The use of rivaroxaban has not been studied in clinical trials in surgical interventions in patients for a fracture of the femur. Therefore, the use of rivaroxaban is not recommended for this category of patients.
Clinical data on the use of rivaroxaban in patients with severe renal failure (CC <15 ml / min) are not available. Therefore, the use of rivaroxaban is not recommended for this category of patients.
Hereditary intolerance to lactose or galactose (for example, caused by lack of lactase or malabsorption of glucose-galactose), since lactose is part of this drug.
Pregnancy and lactation
Pregnancy
There are no data on the use of rivaroxaban in pregnant women.
Data from experimental animals showed pronounced toxicity of rivaroxaban to the maternal organism, associated with the pharmacological action of the drug (for example, complications in the form of hemorrhages) and leading to reproductive toxicity.
Due to the possible risk of bleeding and the ability to cross the placenta, rivaroxaban is contraindicated in pregnancy.
Women with preserved reproductive ability should use effective methods of contraception during treatment with rivaroxaban.
Lactation
There are no data on the use of rivaroxaban for the treatment of women during lactation.
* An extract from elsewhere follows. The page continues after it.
(* Let $R\subseteq\mathbb N$ be sparse, $d\in\mathbb N^+$, $\tilde R\subseteq^d R$, $n\in\mathbb N^+$, and $\mathbf A$ an $n$-tuple of operators on $R$, all $\neq_R0$. Then there is $\Delta_0$ such that for every $\Delta\in d\mathbb N$ with $\Delta\ge\Delta_0$: (i) for all $x\in\mathbb Z$, $x>\mathbf A\cdot P_\Delta(x;\mathbf A,\tilde R)$ iff $x>\inf\mathbf A\cdot\tilde R^n_\Delta$, and $x\le\mathbf A\cdot Q_\Delta(x;\mathbf A,\tilde R)$ iff $x\le\sup\mathbf A\cdot\tilde R^n_\Delta$; (ii) for all $x\in\mathbb Z$, $Q^1_\Delta(x;\mathbf A,\tilde R)=\sigma^{d\varepsilon}P^1_\Delta(x;\mathbf A,\tilde R)$ for some $\varepsilon\in\{-1,0,1\}$.
   Context: Let $R\subseteq\mathbb N$ be infinite, enumerated increasingly as $(r_n)_{n\in\mathbb N}$; $\sigma:R\to R$ is the successor map $\sigma(r_n)=r_{n+1}$, $\sigma^k$ its $k$-fold iterate ($\sigma^0=\mathrm{id}$), $\sigma^{-1}$ the predecessor map with $\sigma^{-1}(\min R)=\min R$ and $\sigma^{-k}$ its iterate. An operator on $R$ is a function $R\to\mathbb Z$, $z\mapsto a_m\sigma^m(z)+\dots+a_0\sigma^0(z)$ with $a_i\in\mathbb Z$. For an operator $A$: $A=_R0$ if $Az=0$ for all $z\in R$; $A>_R0$ (resp. $A<_R0$) if $Az>0$ (resp. $Az<0$) for all but finitely many $z\in R$. $R$ is sparse if every operator $A$ satisfies (S1) $A=_R0$ or $A>_R0$ or $A<_R0$; and (S2) if $A>_R0$ then there is $\Delta\in\mathbb N$ with $A(\sigma^\Delta z)>z$ for all $z\in R$. $\tilde R\subseteq^dR$ means $\tilde R=\{r_{N+dt}:t\in\mathbb N\}$ for some $N\in\mathbb N$. For $\mathbf A$ an $n$-tuple of operators and $z\in R^n$, $\mathbf A\cdot z=\sum_iA_iz_i$; for $S\subseteq R^n$, $\mathbf A\cdot S=\{\mathbf A\cdot z:z\in S\}$. $\tilde R^n_\Delta=\{(z_1,\dots,z_n)\in\tilde R^n: z_i\ge\sigma^\Delta z_{i+1}\ (1\le i\le n)\}$ with $z_{n+1}:=\min\tilde R$. When $\Delta$ is large enough that $z\mapsto\mathbf A\cdot z$ is injective on $R^n_\Delta$: for nonempty $S\subseteq R^n_\Delta$ with $\mathbf A\cdot S$ bounded below (resp. above), $\min_{\mathbf A}S$ (resp. $\max_{\mathbf A}S$) is the unique $z\in S$ with $\mathbf A\cdot z=\min\mathbf A\cdot S$ (resp. $\max$). Then $P_\Delta(x;\mathbf A,\tilde R)=\max_{\mathbf A}\{z\in\tilde R^n_\Delta:\mathbf A\cdot z<x\}$ if $x>\inf\mathbf A\cdot\tilde R^n_\Delta$, and $=\min_{\mathbf A}\tilde R^n_\Delta$ otherwise; $Q_\Delta(x;\mathbf A,\tilde R)=\min_{\mathbf A}\{z\in\tilde R^n_\Delta:\mathbf A\cdot z\ge x\}$ if $x\le\sup\mathbf A\cdot\tilde R^n_\Delta$, and $=\max_{\mathbf A}\tilde R^n_\Delta$ otherwise. $P^i_\Delta,Q^i_\Delta$ denote the $i$-th coordinates. *)

theory Defs
  imports Main "HOL-Library.Infinite_Set" "HOL-Library.Extended_Real"
begin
Data from experimental animals show that rivaroxaban is excreted in breast milk. Rivaroxaban can be used only after the abolition of breastfeeding.
Special instructions
The use of rivaroxaban has not been studied in clinical trials for surgical interventions for hip fractures.
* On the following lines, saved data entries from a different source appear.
(* Let $G=(V,E)$ be a graph with $n$ vertices and maximum degree $\Delta$, and let $c>0$ be a constant determining the threshold $\tau=(c+1)\log n$. The randomized variant of Procedure Edge-Coloring with parameter $h\le\log\Delta-2$ computes a proper $(\Delta+3\cdot 2^h)$-edge-coloring of $G$ with probability at least $1-\frac{1}{n^{c}}$.
   Context: Logarithms are base 2. A proper $k$-edge-coloring is a map $\varphi:E\to\{1,\dots,k\}$ with distinct colors on distinct edges sharing an endpoint. A degree-splitting of $H$ with discrepancy $\kappa$ is a partition $(E_1,E_2)$ of $E(H)$ with $|\deg_{E_1}(v)-\deg_{E_2}(v)|\le\kappa$ for all $v$. Procedure Edge-Coloring$(H,h)$: if $h=0$, return a $(\Delta(H)+1)$-edge-coloring of $H$ with palette $\{1,\dots,\Delta(H)+1\}$ computed by a base-case subroutine. Otherwise compute a degree-splitting $(E_1,E_2)$ of $H$ with discrepancy at most 2 and $\{|E_1|,|E_2|\}=\{\lfloor |E(H)|/2\rfloor,\lceil |E(H)|/2\rceil\}$; let $H_1=(V(H),E_1)$, $H_2=(V(H),E_2)$ with isolated vertices discarded; compute $\varphi_1=$ Edge-Coloring$(H_1,h-1)$, $\varphi_2=$ Edge-Coloring$(H_2,h-1)$; return $\varphi=\varphi_1$ on $E_1$ and $\varphi=p_1+\varphi_2$ on $E_2$, where $p_1$ is the palette size of $\varphi_1$. Randomized variant: in the base case, for an input with $n'$ vertices, $m'$ edges and maximum degree $\Delta'$, if $n'\ge\tau$ a randomized algorithm is used that outputs a proper $(\Delta'+1)$-edge-coloring with probability at least $1-\Delta'^{-n'}$ (in $O(\Delta'^{18}n')$ time); otherwise a deterministic algorithm is used that always outputs a proper $(\Delta'+1)$-edge-coloring (in $O(m'\Delta'\log n')$ time). *)

theory Defs
  imports "HOL-Probability.Probability_Mass_Function"
begin

text \<open>Graphs: an edge set is a set of 2-element vertex sets. The vertex set of a
  subgraph H (with isolated vertices discarded) is the union of its edges.\<close>

definition deg :: "'a set set \<Rightarrow> 'a \<Rightarrow> nat" where
  "deg F v = card {e \<in> F. v \<in> e}"

definition maxdeg :: "'a set set \<Rightarrow> nat" where
  "maxdeg F = Max ({deg F v | v. v \<in> \<Union>F} \<union> {0})"

definition proper_edge_coloring :: "'a set set \<Rightarrow> ('a set \<Rightarrow> nat) \<Rightarrow> nat \<Rightarrow> bool" where
  "proper_edge_coloring F \<phi> k \<longleftrightarrow>
     (\<forall>e\<in>F. \<phi> e \<in> {1..k}) \<and>
     (\<forall>e\<in>F. \<forall>e'\<in>F. e \<noteq> e' \<and> e \<inter> e' \<noteq> {} \<longrightarrow> \<phi> e \<noteq> \<phi> e')"

definition degree_splitting :: "'a set set \<Rightarrow> 'a set set \<Rightarrow> nat \<Rightarrow> bool" where
  "degree_splitting F E1 \<kappa> \<longleftrightarrow> E1 \<subseteq> F \<and>
     (\<forall>v. \<bar>int (deg E1 v) - int (deg (F - E1) v)\<bar> \<le> int \<kappa>)"

fun palette :: "('a set set \<Rightarrow> 'a set set) \<Rightarrow> 'a set set \<Rightarrow> nat \<Rightarrow> nat" where
  "palette split F 0 = maxdeg F + 1"
| "palette split F (Suc h) = palette split (split F) h + palette split (F - split F) h"

text \<open>Randomized variant of Procedure Edge-Coloring, as a distribution over colorings.
  rand: randomized base-case algorithm; detalg: deterministic base-case algorithm;
  tau: threshold on the number of (non-isolated) vertices.\<close>
fun edge_coloring ::
  "('a set set \<Rightarrow> 'a set set) \<Rightarrow> ('a set set \<Rightarrow> ('a set \<Rightarrow> nat) pmf) \<Rightarrow>
   ('a set set \<Rightarrow> ('a set \<Rightarrow> nat)) \<Rightarrow> real \<Rightarrow> 'a set set \<Rightarrow> nat \<Rightarrow> ('a set \<Rightarrow> nat) pmf" where
  "edge_coloring split rand detalg \<tau> F 0 =
     (if real (card (\<Union>F)) \<ge> \<tau> then rand F else return_pmf (detalg F))"
| "edge_coloring split rand detalg \<tau> F (Suc h) =
     bind_pmf (edge_coloring split rand detalg \<tau> (split F) h) (\<lambda>\<phi>1.
     bind_pmf (edge_coloring split rand detalg \<tau> (F - split F) h) (\<lambda>\<phi>2.
     return_pmf (\<lambda>e. if e \<in> split F then \<phi>1 e else palette split (split F) h + \<phi>2 e)))"

end

theory Submission
  imports Defs
begin

text \<open>A degree-splitting with discrepancy 2 of a graph of maximum degree \<open>\<Delta>\<close> has halves whose
  maximum degrees lie between \<open>(\<Delta> - 2) / 2\<close> and \<open>(\<Delta> + 2) / 2\<close>. Hence the palette sizes of
  the recursion add up to at most \<open>\<Delta> + 3 \<cdot> 2^h - 2\<close>, and for \<open>h \<le> log \<Delta> - 2\<close> each of the
  \<open>2^h\<close> leaves still has maximum degree at least 2. A leaf with at least \<open>\<tau> = (c + 1) log n\<close>
  vertices is coloured by the randomized algorithm, which then fails with probability at most
  \<open>2^-\<tau> = n^-(c+1)\<close>; the other leaves never fail. A union bound over the \<open>2^h \<le> \<Delta> \<le> n\<close>
  leaves bounds the failure probability by \<open>n^-c\<close>.\<close>

lemma measure_pmf_bind_union_bound:
  fixes p :: "'a pmf" and q :: "'b pmf"
  assumes P: "1 - a \<le> measure_pmf.prob p {x. P x}"
    and Q: "1 - b \<le> measure_pmf.prob q {y. Q y}"
    and g: "\<And>x y. P x \<Longrightarrow> Q y \<Longrightarrow> g x y \<in> A"
  shows "1 - a - b \<le> measure_pmf.prob (bind_pmf p (\<lambda>x. bind_pmf q (\<lambda>y. return_pmf (g x y)))) A"
proof -
  let ?pq = "pair_pmf p q"
  have "bind_pmf p (\<lambda>x. bind_pmf q (\<lambda>y. return_pmf (g x y))) = map_pmf (case_prod g) ?pq"
    by (simp add: pair_pmf_def map_bind_pmf)
  then have "measure_pmf.prob (bind_pmf p (\<lambda>x. bind_pmf q (\<lambda>y. return_pmf (g x y)))) A
      = 1 - measure_pmf.prob ?pq (- (case_prod g -` A))"
    using measure_pmf.prob_compl[of "case_prod g -` A" ?pq] by (simp add: Compl_eq_Diff_UNIV)
  moreover have "measure_pmf.prob ?pq (- (case_prod g -` A))
      \<le> measure_pmf.prob ?pq (fst -` {x. \<not> P x} \<union> snd -` {y. \<not> Q y})"
    using g by (intro measure_pmf.finite_measure_mono) auto
  moreover have "\<dots> \<le> measure_pmf.prob ?pq (fst -` {x. \<not> P x}) + measure_pmf.prob ?pq (snd -` {y. \<not> Q y})"
    by (rule measure_Un_le) auto
  moreover have "measure_pmf.prob ?pq (fst -` {x. \<not> P x}) = 1 - measure_pmf.prob p {x. P x}"
    using measure_map_pmf[of fst ?pq "{x. \<not> P x}"] measure_pmf.prob_neg[of p P]
    by (simp add: map_fst_pair_pmf)
  moreover have "measure_pmf.prob ?pq (snd -` {y. \<not> Q y}) = 1 - measure_pmf.prob q {y. Q y}"
    using measure_map_pmf[of snd ?pq "{y. \<not> Q y}"] measure_pmf.prob_neg[of q Q]
    by (simp add: map_snd_pair_pmf)
  ultimately show ?thesis using P Q by linarith
qed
With an unexplained decrease in hemoglobin or blood pressure, it is necessary to look for a source of bleeding.
No lengthening of the QT interval was observed during treatment with rivaroxaban.
When performing spinal puncture and epidural / spinal anesthesia for patients receiving platelet aggregation inhibitors to prevent thromboembolic complications, there is a risk of developing epidural or spinal hematoma, which can lead to prolonged paralysis. The risk of these events is further increased with the use of permanent catheters or the concomitant use of drugs that affect hemostasis.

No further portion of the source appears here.